First off, thanks to the countless forum contributors past and present.

Documents abound and a statement that the drive I bought was not the slow potentially incompatible type.

ST4000LM016 F/W: 0003 P/N: 1N2170-567 WU 

Formatted it properly with msfr, put it in no problem for two weeks. Last night she rebooted once, tonight she keeps rebooting (Gray noise, please wait, please wait.....repeat). Put the stock 1 TB back in and it works fine.
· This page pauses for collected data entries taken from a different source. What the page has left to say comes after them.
lemma ex_assignment_with_counts:
  "sum m (UNIV::'a::finite set) = n \<Longrightarrow> \<exists>\<sigma>::nat \<Rightarrow> 'a. \<forall>a. card {j\<in>{..<n}. \<sigma> j = a} = m a"
proof (induction n arbitrary: m)
  case 0
  then show ?case by simp
next
  case (Suc n)
  have "\<exists>a1. 0 < m a1"
  proof (rule ccontr)
    assume "\<not> ?thesis"
    then have "\<forall>a. m a = 0" by simp
    then show False using Suc.prems by simp
  qed
  then obtain a1 where a1: "0 < m a1"
    by blast
  define m' where "m' = m(a1 := m a1 - 1)"
  have "sum m' UNIV = n"
    using Suc.prems a1 sum.remove[of UNIV a1 m] sum.remove[of UNIV a1 m'] unfolding m'_def by simp
  then obtain \<sigma>' where \<sigma>': "\<forall>a. card {j\<in>{..<n}. \<sigma>' j = a} = m' a"
    using Suc.IH by blast
  have "card {j\<in>{..<Suc n}. (\<sigma>'(n := a1)) j = a} = m a" for a
  proof -
    have "{j\<in>{..<Suc n}. (\<sigma>'(n := a1)) j = a} = {j\<in>{..<n}. \<sigma>' j = a} \<union> (if a1 = a then {n} else {})"
      by (auto simp: less_Suc_eq)
    then have "card {j\<in>{..<Suc n}. (\<sigma>'(n := a1)) j = a} = card {j\<in>{..<n}. \<sigma>' j = a} + (if a1 = a then 1 else 0)"
      by (auto simp: card_Un_disjoint)
    then show ?thesis
      using \<sigma>' a1 unfolding m'_def by auto
  qed
  then show ?case by blast
qed

definition type_assignment :: "nat \<Rightarrow> ('a::finite \<Rightarrow> nat) \<Rightarrow> nat \<Rightarrow> 'a" where
  "type_assignment n m = (SOME \<sigma>. \<forall>a. card {j\<in>{..<n}. \<sigma> j = a} = m a)"

definition rotated_profile :: "nat \<Rightarrow> ('a::finite \<Rightarrow> nat) \<Rightarrow> nat \<Rightarrow> (nat \<Rightarrow> 'a)" where
  "rotated_profile n m r = restrict (\<lambda>k. type_assignment n m ((k + r) mod n)) {..<n}"

lemma card_type_assignment:
  "m \<in> weak_compositions n \<Longrightarrow> card {j\<in>{..<n}. type_assignment n m j = a} = m a"
  unfolding type_assignment_def weak_compositions_def using someI_ex[OF ex_assignment_with_counts] by blast

lemma rotated_profile_in_type_profiles: "rotated_profile n m r \<in> type_profiles {..<n}"
  unfolding rotated_profile_def type_profiles_def by auto

text \<open>Over a uniformly random rotation, each population k receives type t with probability m t / n.\<close>
lemma card_rotated_profile_population:
  assumes m: "m \<in> weak_compositions n" and k: "k < n"
  shows "card {r\<in>{..<n}. rotated_profile n m r k = t} = m t"
proof -
  have "{r\<in>{..<n}. rotated_profile n m r k = t} = {r\<in>{..<n}. type_assignment n m ((k + r) mod n) = t}"
    unfolding rotated_profile_def using k by auto
  then show ?thesis
    using card_rotation[where k=k and P="\<lambda>j. type_assignment n m j = t"] card_type_assignment[OF m] k by simp
qed

lemma card_rotated_profile_type:
  assumes m: "m \<in> weak_compositions n" and n: "0 < n"
  shows "card {k\<in>{..<n}. rotated_profile n m r k = a} = m a"
proof -
  have "{k\<in>{..<n}. rotated_profile n m r k = a} = {k\<in>{..<n}. type_assignment n m ((r + k) mod n) = a}"
    unfolding rotated_profile_def by (auto simp: add.commute)
  then show ?thesis
    using card_rotation[OF n, where k=r and P="\<lambda>j. type_assignment n m j = a"] card_type_assignment[OF m] by simp
qed

section \<open>The obedient equilibrium candidate of a discretised outcome\<close>

lemma sum_card_fibre_mult:
  assumes "finite R" and "finite T" and "f ` R \<subseteq> T"
  shows "(\<Sum>\<tau>\<in>T. real (card {r\<in>R. f r = \<tau>}) * G \<tau>) = (\<Sum>r\<in>R. G (f r))"
proof -
  have "real (card {r\<in>R. f r = \<tau>}) = (\<Sum>r\<in>R. if f r = \<tau> then 1 else 0)" for \<tau>
    using assms(1) by (simp add: sum.If_cases Int_def)
  then have "(\<Sum>\<tau>\<in>T. real (card {r\<in>R. f r = \<tau>}) * G \<tau>) = (\<Sum>\<tau>\<in>T. \<Sum>r\<in>R. if f r = \<tau> then G \<tau> else 0)"
    by (auto simp: sum_distrib_right intro!: sum.cong)
  also have "\<dots> = (\<Sum>r\<in>R. \<Sum>\<tau>\<in>T. if f r = \<tau> then G \<tau> else 0)"
    by (rule sum.swap)
  also have "\<dots> = (\<Sum>r\<in>R. G (f r))"
    using assms by (intro sum.cong refl) (auto simp: sum.delta)
  finally show ?thesis .
qed

definition grid_distribution :: "nat \<Rightarrow> (('a::finite \<Rightarrow> nat) \<Rightarrow> real) \<Rightarrow> bool" where
  "grid_distribution n v \<longleftrightarrow> (\<forall>m. 0 \<le> v m) \<and> (\<Sum>m\<in>weak_compositions n. v m) = 1"

text \<open>The type profile is drawn by choosing a type count m with probability v m and then a
  rotation r of the listing uniformly.\<close>
definition grid_weight :: "nat \<Rightarrow> (('a::finite \<Rightarrow> nat) \<Rightarrow> real) \<Rightarrow> (nat \<Rightarrow> 'a) \<Rightarrow> real" where
  "grid_weight n v \<tau> = (\<Sum>m\<in>weak_compositions n. v m * (real (card {r\<in>{..<n}. rotated_profile n m r = \<tau>}) / real n))"

definition grid_info :: "nat \<Rightarrow> ('t \<Rightarrow> ('a::finite \<Rightarrow> nat) \<Rightarrow> real) \<Rightarrow> 't \<Rightarrow> (nat \<Rightarrow> 'a) pmf" where
  "grid_info n w \<theta> = embed_pmf (grid_weight n (w \<theta>))"

lemma sum_grid_weight_mult:
  "(\<Sum>\<tau>\<in>type_profiles {..<n}. grid_weight n v \<tau> * G \<tau>)
    = (\<Sum>m\<in>weak_compositions n. v m * ((\<Sum>r\<in>{..<n}. G (rotated_profile n m r)) / real n))"
proof -
  have "(\<Sum>\<tau>\<in>type_profiles {..<n}. grid_weight n v \<tau> * G \<tau>)
      = (\<Sum>m\<in>weak_compositions n. v m / real n *
          (\<Sum>\<tau>\<in>type_profiles {..<n}. real (card {r\<in>{..<n}. rotated_profile n m r = \<tau>}) * G \<tau>))"
    unfolding grid_weight_def
    by (simp add: sum_distrib_right sum_distrib_left mult.assoc sum.swap[of _ "weak_compositions n"])
  also have "\<dots> = (\<Sum>m\<in>weak_compositions n. v m / real n * (\<Sum>r\<in>{..<n}. G (rotated_profile n m r)))"
    using finite_type_profiles[of "{..<n}"] rotated_profile_in_type_profiles
    by (subst sum_card_fibre_mult) auto
  finally show ?thesis
    by simp
qed

lemma grid_weight_eq_0:
  assumes "\<tau> \<notin> type_profiles {..<n}"
  shows "grid_weight n v \<tau> = 0"
proof -
  have "card {r\<in>{..<n}. rotated_profile n m r = \<tau>} = 0" for m
    using assms rotated_profile_in_type_profiles by (metis (mono_tags, lifting) card.empty empty_Collect_eq)
  then show ?thesis
    unfolding grid_weight_def by (intro sum.neutral ballI) (simp only: of_nat_0 div_0 mult_zero_right)
qed

lemma pmf_grid_info:
  assumes n: "0 < n" and v: "grid_distribution n (w \<theta>)"
  shows "pmf (grid_info n w \<theta>) = grid_weight n (w \<theta>)"
proof -
  have nonneg: "0 \<le> grid_weight n (w \<theta>) \<tau>" for \<tau>
    using v unfolding grid_weight_def grid_distribution_def by (intro sum_nonneg mult_nonneg_nonneg) auto
  have "(\<integral>\<^sup>+\<tau>. ennreal (grid_weight n (w \<theta>) \<tau>) \<partial>count_space UNIV)
      = (\<Sum>\<tau>\<in>type_profiles {..<n}. ennreal (grid_weight n (w \<theta>) \<tau>))"
    by (rule nn_integral_count_space'[OF finite_type_profiles]) (auto simp: grid_weight_eq_0)
  also have "\<dots> = ennreal (\<Sum>\<tau>\<in>type_profiles {..<n}. grid_weight n (w \<theta>) \<tau>)"
    by (rule sum_ennreal) (rule nonneg)
  also have "\<dots> = 1"
    using sum_grid_weight_mult[of n "w \<theta>" "\<lambda>_. 1"] v n unfolding grid_distribution_def by simp
  finally show ?thesis
    unfolding grid_info_def by (intro ext pmf_embed_pmf nonneg)
qed

lemma direct_info_grid_info:
  assumes n: "0 < n" and w: "\<forall>\<theta>. grid_distribution n (w \<theta>)"
  shows "direct_info {..<n} (\<lambda>_. 1 / real n) (grid_info n w)"
proof -
  have "set_pmf (grid_info n w \<theta>) \<subseteq> type_profiles {..<n}" for \<theta>
    using pmf_grid_info[where w=w and \<theta>=\<theta>, OF n] w grid_weight_eq_0 by (auto simp: set_pmf_eq)
  then show ?thesis
    unfolding direct_info_def using n by auto
qed

lemma sum_pmf_grid_info_mult:
  assumes n: "0 < n" and w: "grid_distribution n (w \<theta>)"
  shows "(\<Sum>\<tau>\<in>type_profiles {..<n}. pmf (grid_info n w \<theta>) \<tau> * G \<tau>)
    = (\<Sum>m\<in>weak_compositions n. w \<theta> m * ((\<Sum>r\<in>{..<n}. G (rotated_profile n m r)) / real n))"
  unfolding pmf_grid_info[where w=w and \<theta>=\<theta>, OF n w] by (rule sum_grid_weight_mult)

definition obedient_profile :: "nat \<Rightarrow> nat \<Rightarrow> 'a::finite \<Rightarrow> real ^ 'a" where
  "obedient_profile n k t = (if k < n then (1 / real n) *\<^sub>R axis t 1 else 0)"

lemma interim_profile_obedient: "interim_profile {..<n} (\<lambda>_. 1 / real n) (obedient_profile n)"
  unfolding interim_profile_def obedient_profile_def simplex_gamma_def
  by (auto simp: axis_def sum_divide_distrib[symmetric])

lemma total_flow_obedient_rotated:
  assumes m: "m \<in> weak_compositions n" and n: "0 < n"
  shows "total_flow {..<n} (obedient_profile n) (rotated_profile n m r) = grid_point n m"
proof -
  have "total_flow {..<n} (obedient_profile n) (rotated_profile n m r) $ a
      = (\<Sum>k\<in>{..<n}. if rotated_profile n m r k = a then 1 / real n else 0)" for a
    unfolding total_flow_component obedient_profile_def by (intro sum.cong) (auto simp: axis_def)
  also have "\<dots> a = real (card {k\<in>{..<n}. rotated_profile n m r k = a}) / real n" for a
    by (simp add: sum.If_cases Int_def)
  finally show ?thesis
    using card_rotated_profile_type[OF m n] unfolding grid_point_def by (simp add: vec_eq_iff)
qed

lemma expectation_BW_outcome_grid_info:
  assumes n: "0 < n" and w: "\<forall>\<theta>. grid_distribution n (w \<theta>)"
  shows "measure_pmf.expectation (BW_outcome {..<n} (grid_info n w) (obedient_profile n) \<theta>) f
    = (\<Sum>m\<in>weak_compositions n. w \<theta> m * f (grid_point n m))"
  unfolding expectation_BW_outcome[OF direct_info_grid_info[OF n w]] sum_pmf_grid_info_mult[OF n w[rule_format]]
  using n by (intro sum.cong refl) (simp add: total_flow_obedient_rotated)

text \<open>A discrete analogue of the two sides of the BCWE inequalities.\<close>
definition obedient_cost :: "('t::finite \<Rightarrow> real) \<Rightarrow> ('a::finite \<Rightarrow> real ^ 'a \<Rightarrow> 't \<Rightarrow> real) \<Rightarrow> nat
    \<Rightarrow> ('t \<Rightarrow> ('a \<Rightarrow> nat) \<Rightarrow> real) \<Rightarrow> 'a \<Rightarrow> 'a \<Rightarrow> real" where
  "obedient_cost p c n w t b = (\<Sum>\<theta>\<in>UNIV. p \<theta> * (\<Sum>m\<in>weak_compositions n. w \<theta> m * (grid_point n m $ t * c b (grid_point n m) \<theta>)))"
Was there a new SW download lately, anyone else having issues with Bolts >3 TB

I originally bought a 3.5 WD green AV (2TB), but I couldn't figure out how to tie the two drives together. Can someone point me to an outline on how to take my stock 1TB and mary it with an external ESATA 2TB Green AV.

TIA,
George


----------



## jmbach (Jan 1, 2009)

First I would check that 4TB drive with the manufacturer's diagnostic program both read and write. Also use a program like HDD Guardian show you more detail SMART infor on the drive than the manufacturer's diagnostic program will tell you. Most common issue that causes that is a bad drive. It might be only one spot but that is all it takes. If HDD Guardian reports any sector reallocation, then that is probably what happened.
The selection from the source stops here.